George N. Dale (February 19, 1834 – January 29, 1903) was a Vermont lawyer and politician who served as the 28th lieutenant governor of Vermont from 1870 to 1872. He was the father of Porter Hinman Dale, who served as a member of the United States House of Representatives and as a United States Senator.

Early life
George Needham Dale was born in Fairfax, Vermont on February 19, 1834. He was raised in Waitsfield and attended Thetford Academy. He studied law with Paul Dillingham and became an attorney. Dale settled in Essex County, first in Guildhall, and later in Island Pond.

Political career
A Republican, Dale served as Essex County State's Attorney from 1857 to 1860, and in the Vermont House of Representatives from 1860 to 1861.

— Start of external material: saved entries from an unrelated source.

text \<open>State after time step t: start times of task instances, cumulative data sent,
  finish times of flows, F_act as used for transmission at step t (before removing the
  flows that finished at t), and F_pend.\<close>
record 'j oes_state =
  started :: "'j \<times> nat \<Rightarrow> nat option"
  sent    :: "'j flow \<Rightarrow> real"
  ffin    :: "'j flow \<Rightarrow> nat option"
  act     :: "'j flow set"
  pend    :: "'j flow set"

definition oes_init :: "'j oes_state" where
  "oes_init = \<lparr>started = (\<lambda>_. None), sent = (\<lambda>_. 0), ffin = (\<lambda>_. None),
               act = {}, pend = {}\<rparr>"

text \<open>A task instance started at step s runs during steps s, ..., s + p_j - 1 and
  finishes at step s + p_j - 1.\<close>
definition task_done_by :: "'j job \<Rightarrow> 'j oes_state \<Rightarrow> 'j \<times> nat \<Rightarrow> nat \<Rightarrow> bool" where
  "task_done_by G \<sigma> x t \<longleftrightarrow> (\<exists>s. started \<sigma> x = Some s \<and> s + jb_ptime G (fst x) \<le> t + 1)"

definition task_fin_at :: "'j job \<Rightarrow> 'j oes_state \<Rightarrow> 'j \<times> nat \<Rightarrow> nat \<Rightarrow> bool" where
  "task_fin_at G \<sigma> x t \<longleftrightarrow> (\<exists>s. started \<sigma> x = Some s \<and> s + jb_ptime G (fst x) = t + 1)"

text \<open>Task (j,n) may start at step t (given the state after step t-1).\<close>
definition ready :: "'j job \<Rightarrow> 'j oes_state \<Rightarrow> nat \<Rightarrow> 'j \<times> nat \<Rightarrow> bool" where
  "ready G \<sigma> t x = (case x of (j, n) \<Rightarrow>
      j \<in> jb_tasks G \<and> 1 \<le> n \<and> n \<le> jb_N G \<and> started \<sigma> (j, n) = None \<and>
      (n = 1 \<or> task_done_by G \<sigma> (j, n - 1) (t - 1)) \<and>
      (\<forall>i. edge G i j \<and> ioff G i j < n \<longrightarrow>
         (if jb_place G i = jb_place G j
          then task_done_by G \<sigma> (i, n - ioff G i j) (t - 1)
          else ffin \<sigma> (i, j, n - ioff G i j) \<noteq> None)))"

In 1861, Dale was appointed Deputy U.S. Collector of Customs in Island Pond, and he served until 1866.

From 1866 to 1870, Dale served in the Vermont Senate, and was Senate President from 1869 to 1870.

Dale won election as Lieutenant Governor in 1870 and served the two years then available under the provisions of the Mountain Rule.

From 1872 to 1882, he again served as Deputy Collector of Customs in Island Pond.

In 1885, Dale became President of the Vermont Bar Association, serving until 1886.

Dale returned to the Vermont House in 1892, and he served in the Vermont Senate for the second time from 1894 to 1896.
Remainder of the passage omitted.